M. B a été admis au bénéfice de l'aide juridictionnelle totale par une décision du bureau d'aide juridictionnelle en date du 25 avril 2024.

Vu les autres pièces du dossier.

Vu :

- la loi n° 91-647 du 10 juillet 1991 ;

- le code de justice administrative.

Considérant ce qui suit :

Sur la demande d'admission à l'aide juridictionnelle :

1. Par une décision du bureau d'aide juridictionnelle près le tribunal judiciaire de Paris en date du 25 avril 2024, M. B a été admis au bénéfice de l'aide juridictionnelle totale. Par suite, ses conclusions tendant à être admis au bénéfice de l'aide juridictionnelle provisoire sont devenues sans objet et il n'y a pas lieu d'y statuer.

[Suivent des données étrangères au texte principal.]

(* Let $\mathcal D$ be universal, $\mathrm M=(M,d)\in\mathfrak U_{\mathcal D}$, $A\subseteq M$ finite and nonempty, and $\mathfrak s,\mathfrak t$ Katětov functions of $\mathrm M$ with $\operatorname{dom}(\mathfrak s)=\operatorname{dom}(\mathfrak t)=A$. Then $$d(\mathfrak s,\mathfrak t)=\Big\{m\in\mathcal D:\ \max_{x\in A}|\mathfrak s(x)-\mathfrak t(x)|\le m\le\min_{x\in A}\big(\mathfrak s(x)+\mathfrak t(x)\big)\Big\}.$$
   Context: $\mathcal D$ is a finite subset of $\mathbb R_{\ge0}$ containing $0$. $\mathfrak U_{\mathcal D}$ is the class of countable homogeneous metric spaces (every isometry between finite subspaces extends to an isometry of the space onto itself) with distance set exactly $\mathcal D$ into which every finite metric space with distances in $\mathcal D$ embeds isometrically; $\mathcal D$ is universal if this class is nonempty. A Katětov function of $\mathrm M$ is a map $\mathfrak t:F\to\mathcal D\setminus\{0\}$, $F\subseteq M$ finite, with $|\mathfrak t(x)-\mathfrak t(y)|\le d(x,y)\le\mathfrak t(x)+\mathfrak t(y)$ for all $x,y\in F$; $\operatorname{orb}(\mathfrak t)=\{y\in M\setminus F: d(y,x)=\mathfrak t(x)\ \forall x\in F\}$. For Katětov functions $\mathfrak s,\mathfrak t$: $d(\mathfrak s,\mathfrak t)=\{d(x,y): x\in\operatorname{orb}(\mathfrak s),\ y\in\operatorname{orb}(\mathfrak t)\}$. *)

theory Defs
  imports "HOL-Analysis.Analysis"
begin

definition dist_set :: "'a set \<Rightarrow> ('a \<Rightarrow> 'a \<Rightarrow> real) \<Rightarrow> real set" where
  "dist_set M d = {d x y | x y. x \<in> M \<and> y \<in> M}"

definition isometry_betw :: "('a \<Rightarrow> 'a \<Rightarrow> real) \<Rightarrow> ('a \<Rightarrow> 'a) \<Rightarrow> 'a set \<Rightarrow> 'a set \<Rightarrow> bool" where
  "isometry_betw d f X Y \<longleftrightarrow> bij_betw f X Y \<and> (\<forall>x\<in>X. \<forall>y\<in>X. d (f x) (f y) = d x y)"

definition homogeneous :: "'a set \<Rightarrow> ('a \<Rightarrow> 'a \<Rightarrow> real) \<Rightarrow> bool" where
  "homogeneous M d \<longleftrightarrow>
     (\<forall>X Y f. X \<subseteq> M \<and> Y \<subseteq> M \<and> finite X \<and> finite Y \<and> isometry_betw d f X Y \<longrightarrow>
        (\<exists>g. isometry_betw d g M M \<and> (\<forall>x\<in>X. g x = f x)))"

definition isometric_embedding ::
  "'b set \<Rightarrow> ('b \<Rightarrow> 'b \<Rightarrow> real) \<Rightarrow> 'a set \<Rightarrow> ('a \<Rightarrow> 'a \<Rightarrow> real) \<Rightarrow> ('b \<Rightarrow> 'a) \<Rightarrow> bool" where
  "isometric_embedding F e M d h \<longleftrightarrow> h ` F \<subseteq> M \<and> (\<forall>x\<in>F. \<forall>y\<in>F. d (h x) (h y) = e x y)"

text \<open>Every finite metric space with distances in D embeds isometrically into (M,d).
  Finite metric spaces are represented (up to isometry) on finite subsets of nat.\<close>
definition finitely_universal :: "real set \<Rightarrow> 'a set \<Rightarrow> ('a \<Rightarrow> 'a \<Rightarrow> real) \<Rightarrow> bool" where
  "finitely_universal D M d \<longleftrightarrow>
     (\<forall>(F::nat set) e. finite F \<and> Metric_space F e \<and> dist_set F e \<subseteq> D \<longrightarrow>
        (\<exists>h. isometric_embedding F e M d h))"

definition in_U :: "real set \<Rightarrow> 'a set \<Rightarrow> ('a \<Rightarrow> 'a \<Rightarrow> real) \<Rightarrow> bool" where
  "in_U D M d \<longleftrightarrow> Metric_space M d \<and> countable M \<and> homogeneous M d \<and>
      dist_set M d = D \<and> finitely_universal D M d"

text \<open>D is universal: D is a finite subset of the nonnegative reals containing 0, and U_D is
  nonempty (witnesses are countable, so carriers in nat suffice).\<close>
definition universal_dist_set :: "real set \<Rightarrow> bool" where
  "universal_dist_set D \<longleftrightarrow> finite D \<and> 0 \<in> D \<and> (\<forall>r\<in>D. r \<ge> 0) \<and>
      (\<exists>(M::nat set) d. in_U D M d)"

text \<open>Katetov function t with domain F (values outside F are irrelevant).\<close>
definition katetov :: "'a set \<Rightarrow> ('a \<Rightarrow> 'a \<Rightarrow> real) \<Rightarrow> real set \<Rightarrow> 'a set \<Rightarrow> ('a \<Rightarrow> real) \<Rightarrow> bool" where
  "katetov M d D F t \<longleftrightarrow> F \<subseteq> M \<and> finite F \<and> (\<forall>x\<in>F. t x \<in> D - {0}) \<and>
      (\<forall>x\<in>F. \<forall>y\<in>F. \<bar>t x - t y\<bar> \<le> d x y \<and> d x y \<le> t x + t y)"

definition orb :: "'a set \<Rightarrow> ('a \<Rightarrow> 'a \<Rightarrow> real) \<Rightarrow> 'a set \<Rightarrow> ('a \<Rightarrow> real) \<Rightarrow> 'a set" where
  "orb M d F t = {y \<in> M - F. \<forall>x\<in>F. d y x = t x}"

definition kdist :: "'a set \<Rightarrow> ('a \<Rightarrow> 'a \<Rightarrow> real) \<Rightarrow> 'a set \<Rightarrow> ('a \<Rightarrow> real) \<Rightarrow> 'a set \<Rightarrow> ('a \<Rightarrow> real) \<Rightarrow> real set" where
  "kdist M d F s G t = {d x y | x y. x \<in> orb M d F s \<and> y \<in> orb M d G t}"

end

theory Submission
  imports Defs
begin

Sur les conclusions aux fins d'annulation et d'injonction et les frais liés à l'instance :

2. Aux termes de l'article R. 222-1 du code de justice administrative : " () les présidents de formation de jugement des tribunaux () peuvent, par ordonnance : / 1' donner acte des désistements ; / () 5° Statuer sur les requêtes qui ne présentent plus à juger de questions autres que la condamnation prévue à l'article L. 761-1 ou la charge des dépens () ".

3. Par un mémoire, enregistré le 24 mars 2025, M. B déclare se désister de ses conclusions à fin d'annulation et d'injonction. Ce désistement est pur et simple. Rien ne s'oppose à ce qu'il en soit donné acte.

4. M. B a obtenu le bénéfice de l'aide juridictionnelle. Par suite, son avocate peut se prévaloir des dispositions des articles L. 761-1 du code de justice administrative et 37 de la loi du 10 juillet 1991. Il y a lieu, dans les circonstances de l'espèce, et sous réserve que Me Toujas, avocate du requérant, renonce à percevoir la somme correspondant à la part contributive de l'État, de mettre à la charge de l'État le versement à Me Toujas de la somme de 800 euros.

O R D O N N E :

Article 1er : Il n'y a pas lieu de statuer sur les conclusions de M. B tendant à son admission à l'aide juridictionnelle provisoire.

Article 2 : Il est donné acte du désistement des conclusions à fin d'annulation et d'injonction de M. B.

Article 3 : L'Etat versera à Me Toujas une somme de 800 euros au titre des articles L. 761-1 du code de justice administrative et 37 de la loi du 10 juillet 1991, sous réserve qu'elle renonce à percevoir la somme correspondant à la part contributive de l'Etat à l'aide juridictionnelle.

Article 4 : La présente ordonnance sera notifiée à M. A B, à Me Toujas et au préfet de police.

Fait à Paris, le 22 avril 2025.

Le vice-président de la 2ème section,

signé

J. SORIN

La République mande et ordonne au préfet de police en ce qui le concerne ou à tous commissaires de justice à ce requis en ce qui concerne les voies de droit commun contre les parties privées, de pourvoir à l'exécution de la présente décision.